__What you will do__. The lines from the start of the records below through the line containing "leq_VS (u1', s1')" are to be copied exactly, both ends included, with nothing added.

(Stored items)
lemma bwd_leq_iff_leq_fwd:
  assumes "matches w vr sr rr kr"
    and "\<rho> \<in> Sel_env rr" and "\<kappa> \<in> Sel_cont kr" and "v \<in> Sel_val vr" and "\<sigma> \<in> Sel_elim sr"
  shows "leq_VS (bwd w sr \<rho> \<kappa> \<alpha>) (v, \<sigma>) \<longleftrightarrow> leq_RKA (\<rho>, \<kappa>, \<alpha>) (fwd w v \<sigma>)"
  using assms
proof (induction arbitrary: \<rho> \<kappa> \<alpha> v \<sigma> rule: matches.induct)
  case (m_cons w1 v1 \<sigma>1 \<rho>1 \<tau> w2 v2 \<rho>2 \<kappa>2 \<kappa>0)
  let ?n = "mlen w1"
  have tgt: "tgt w1 \<sigma>1 = CElim \<tau>" and n: "?n = length \<rho>1"
    using matches_tgt_mlen[OF m_cons.hyps(1)] by auto
  from m_cons.prems n have \<rho>1: "take ?n \<rho> \<in> Sel_env \<rho>1" and \<rho>2: "drop ?n \<rho> \<in> Sel_env \<rho>2"
    by (simp_all add: Sel_env_append_iff)
  from m_cons.prems obtain a u1 u2 k0 s1 where v: "v = VCons a u1 u2" "u1 \<in> Sel_val v1" "u2 \<in> Sel_val v2"
    and \<sigma>: "\<sigma> = EList k0 s1" "s1 \<in> Sel_elim \<sigma>1" "erase_cont k0 = \<kappa>0"
    by (auto simp: Sel_defs map_eq_constructor_iff)
  obtain r1 t \<beta> where f1: "fwd w1 u1 s1 = (r1, t, \<beta>)"
    by (metis prod_cases3)
  with fwd_in_Sel[OF m_cons.hyps(1) v(2) \<sigma>(2)] have r1: "r1 \<in> Sel_env \<rho>1"
    and t_Sel: "t \<in> Sel_cont (CElim \<tau>)"
    by simp_all
  from t_Sel obtain t' where t: "t = CElim t'" "t' \<in> Sel_elim \<tau>"
    by (rule Sel_cont_CElimE)
  obtain r2 k \<beta>' where f2: "fwd w2 u2 t' = (r2, k, \<beta>')"
    by (metis prod_cases3)
  obtain u2' \<tau>' where b2: "bwd w2 \<tau> (drop ?n \<rho>) \<kappa> \<alpha> = (u2', \<tau>')"
    by fastforce
  with bwd_in_Sel[OF m_cons.hyps(2) \<rho>2 m_cons.prems(2), where \<alpha> = \<alpha>] have \<tau>': "\<tau>' \<in> Sel_elim \<tau>"
    by simp
  obtain u1' s1' where b1: "bwd w1 \<sigma>1 (take ?n \<rho>) (CElim \<tau>') \<alpha> = (u1', s1')"
    by fastforce
  have "leq_VS (bwd (MCons w1 w2) (EList \<kappa>0 \<sigma>1) \<rho> \<kappa> \<alpha>) (v, \<sigma>) \<longleftrightarrow>
      \<alpha> \<le> a \<and> leq_VS (u1', s1') (u1, s1) \<and> leq_val u2' u2"
    using tgt b1 b2 v \<sigma> bot_cont_leq[of k0] by (auto simp: leq_VS_def)
  also have "\<dots> \<longleftrightarrow> \<alpha> \<le> a \<and> leq_env (take ?n \<rho>) r1 \<and> \<alpha> \<le> \<beta> \<and> leq_VS (u2', \<tau>') (u2, t')"
    using m_cons.IH(1)[OF \<rho>1 _ v(2) \<sigma>(2), of "CElim \<tau>'" \<alpha>] \<tau>' b1 f1 t
    by (auto simp: leq_RKA_def leq_VS_def)
  also have "\<dots> \<longleftrightarrow> \<alpha> \<le> a \<and> leq_env (take ?n \<rho>) r1 \<and> \<alpha> \<le> \<beta> \<and>
      leq_env (drop ?n \<rho>) r2 \<and> leq_cont \<kappa> k \<and> \<alpha> \<le> \<beta>'"
    using m_cons.IH(2)[OF \<rho>2 m_cons.prems(2) v(3) t(2), of \<alpha>] b2 f2
    by (auto simp: leq_RKA_def)
  also have "\<dots> \<longleftrightarrow> leq_RKA (\<rho>, \<kappa>, \<alpha>) (fwd (MCons w1 w2) v \<sigma>)"
    using v \<sigma> f1 f2 t n Sel_env_length[OF r1] by (auto simp: leq_RKA_def list_all2_append_right)
  finally show ?case .
next
  case (m_rec ws fs xs \<kappa>0 \<rho>1 \<sigma>' wk vk \<rho>2 \<kappa>2 x)
  let ?n = "mlen (MRec ws)"
  have tgt: "tgt (MRec ws) (ERec xs \<kappa>0) = CElim \<sigma>'" and n: "?n = length \<rho>1"
    using matches_tgt_mlen[OF m_rec.hyps(1)] by auto
  from m_rec.prems n have \<rho>1: "take ?n \<rho> \<in> Sel_env \<rho>1" and \<rho>2: "drop ?n \<rho> \<in> Sel_env \<rho>2"
    by (simp_all add: Sel_env_append_iff)
  from m_rec.prems obtain a gs u where v: "v = VRec (gs @ [(x, u)]) a"
    "VRec gs top \<in> Sel_val (VRec fs ())" "u \<in> Sel_val vk"
    by (elim Sel_val_VRec_snocE) blast
  from m_rec.prems obtain k0 where \<sigma>: "\<sigma> = ERec (xs @ [x]) k0" "ERec xs k0 \<in> Sel_elim (ERec xs \<kappa>0)"
    by (auto simp: Sel_defs map_eq_constructor_iff)
  obtain r1 t \<beta> where f1: "fwd (MRec ws) (VRec gs top) (ERec xs k0) = (r1, t, \<beta>)"
    by (metis prod_cases3)
  with fwd_in_Sel[OF m_rec.hyps(1) v(2) \<sigma>(2)] have r1: "r1 \<in> Sel_env \<rho>1"
    and t_Sel: "t \<in> Sel_cont (CElim \<sigma>')"
    by simp_all
  from t_Sel obtain t' where t: "t = CElim t'" "t' \<in> Sel_elim \<sigma>'"
    by (rule Sel_cont_CElimE)
  obtain r2 k \<beta>' where f2: "fwd wk u t' = (r2, k, \<beta>')"
    by (metis prod_cases3)
  obtain u' \<tau>' where b2: "bwd wk \<sigma>' (drop ?n \<rho>) \<kappa> \<alpha> = (u', \<tau>')"
    by fastforce
  with bwd_in_Sel[OF m_rec.hyps(2) \<rho>2 m_rec.prems(2), where \<alpha> = \<alpha>] have \<tau>': "\<tau>' \<in> Sel_elim \<sigma>'"
    by simp
  obtain v' s' where b1: "bwd (MRec ws) (ERec xs \<kappa>0) (take ?n \<rho>) (CElim \<tau>') \<alpha> = (v', s')"
    by fastforce
  with bwd_in_Sel[OF m_rec.hyps(1) \<rho>1, of "CElim \<tau>'" \<alpha>] \<tau>'
  have "v' \<in> Sel_val (VRec fs ())" "s' \<in> Sel_elim (ERec xs \<kappa>0)"
    by simp_all
  then obtain gs' b c where v': "v' = VRec gs' b" "length gs' = length gs" and s': "s' = ERec xs c"
    using v(2) by (auto simp: Sel_defs map_eq_constructor_iff dest: arg_cong[of _ _ length])
  \<comment> \<open>The prefix record is matched at annotation top, so the annotation b of v' drops out.\<close>
  have "leq_VS (bwd (MRec (ws @ [(x, wk)])) (ERec (xs @ [x]) \<kappa>0) \<rho> \<kappa> \<alpha>) (v, \<sigma>) \<longleftrightarrow>
      \<alpha> \<le> a \<and> leq_VS (v', s') (VRec gs top, ERec xs k0) \<and> leq_val u' u"
    using tgt b1 b2 v \<sigma> v' s' by (auto simp: leq_VS_def bwd_MRec_snoc list_all2_append)
  also have "\<dots> \<longleftrightarrow> \<alpha> \<le> a \<and> leq_env (take ?n \<rho>) r1 \<and> \<alpha> \<le> \<beta> \<and> leq_VS (u', \<tau>') (u, t')"
    using m_rec.IH(1)[OF \<rho>1 _ v(2) \<sigma>(2), of "CElim \<tau>'" \<alpha>] \<tau>' b1 f1 t
    by (auto simp: leq_RKA_def leq_VS_def)
  also have "\<dots> \<longleftrightarrow> \<alpha> \<le> a \<and> leq_env (take ?n \<rho>) r1 \<and> \<alpha> \<le> \<beta> \<and>
      leq_env (drop ?n \<rho>) r2 \<and> leq_cont \<kappa> k \<and> \<alpha> \<le> \<beta>'"
    using m_rec.IH(2)[OF \<rho>2 m_rec.prems(2) v(3) t(2), of \<alpha>] b2 f2
    by (auto simp: leq_RKA_def)
  also have "\<dots> \<longleftrightarrow> leq_RKA (\<rho>, \<kappa>, \<alpha>) (fwd (MRec (ws @ [(x, wk)])) v \<sigma>)"
    using v \<sigma> f1 f2 t n Sel_env_length[OF r1]
    by (auto simp: leq_RKA_def list_all2_append_right fwd_MRec_snoc)
  finally show ?case .
qed (auto simp: Sel_defs map_eq_constructor_iff fwd_MRec_Nil bwd_MRec_Nil leq_VS_def leq_RKA_def
    bot_cont_leq bot_elim_leq)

__Response below__.
lemma bwd_leq_iff_leq_fwd:
  assumes "matches w vr sr rr kr"
    and "\<rho> \<in> Sel_env rr" and "\<kappa> \<in> Sel_cont kr" and "v \<in> Sel_val vr" and "\<sigma> \<in> Sel_elim sr"
  shows "leq_VS (bwd w sr \<rho> \<kappa> \<alpha>) (v, \<sigma>) \<longleftrightarrow> leq_RKA (\<rho>, \<kappa>, \<alpha>) (fwd w v \<sigma>)"
  using assms
proof (induction arbitrary: \<rho> \<kappa> \<alpha> v \<sigma> rule: matches.induct)
  case (m_cons w1 v1 \<sigma>1 \<rho>1 \<tau> w2 v2 \<rho>2 \<kappa>2 \<kappa>0)
  let ?n = "mlen w1"
  have tgt: "tgt w1 \<sigma>1 = CElim \<tau>" and n: "?n = length \<rho>1"
    using matches_tgt_mlen[OF m_cons.hyps(1)] by auto
  from m_cons.prems n have \<rho>1: "take ?n \<rho> \<in> Sel_env \<rho>1" and \<rho>2: "drop ?n \<rho> \<in> Sel_env \<rho>2"
    by (simp_all add: Sel_env_append_iff)
  from m_cons.prems obtain a u1 u2 k0 s1 where v: "v = VCons a u1 u2" "u1 \<in> Sel_val v1" "u2 \<in> Sel_val v2"
    and \<sigma>: "\<sigma> = EList k0 s1" "s1 \<in> Sel_elim \<sigma>1" "erase_cont k0 = \<kappa>0"
    by (auto simp: Sel_defs map_eq_constructor_iff)
  obtain r1 t \<beta> where f1: "fwd w1 u1 s1 = (r1, t, \<beta>)"
    by (metis prod_cases3)
  with fwd_in_Sel[OF m_cons.hyps(1) v(2) \<sigma>(2)] have r1: "r1 \<in> Sel_env \<rho>1"
    and t_Sel: "t \<in> Sel_cont (CElim \<tau>)"
    by simp_all
  from t_Sel obtain t' where t: "t = CElim t'" "t' \<in> Sel_elim \<tau>"
    by (rule Sel_cont_CElimE)
  obtain r2 k \<beta>' where f2: "fwd w2 u2 t' = (r2, k, \<beta>')"
    by (metis prod_cases3)
  obtain u2' \<tau>' where b2: "bwd w2 \<tau> (drop ?n \<rho>) \<kappa> \<alpha> = (u2', \<tau>')"
    by fastforce
  with bwd_in_Sel[OF m_cons.hyps(2) \<rho>2 m_cons.prems(2), where \<alpha> = \<alpha>] have \<tau>': "\<tau>' \<in> Sel_elim \<tau>"
    by simp
  obtain u1' s1' where b1: "bwd w1 \<sigma>1 (take ?n \<rho>) (CElim \<tau>') \<alpha> = (u1', s1')"
    by fastforce
  have "leq_VS (bwd (MCons w1 w2) (EList \<kappa>0 \<sigma>1) \<rho> \<kappa> \<alpha>) (v, \<sigma>) \<longleftrightarrow>
      \<alpha> \<le> a \<and> leq_VS (u1', s1') (u1, s1) \<and> leq_val u2' u2"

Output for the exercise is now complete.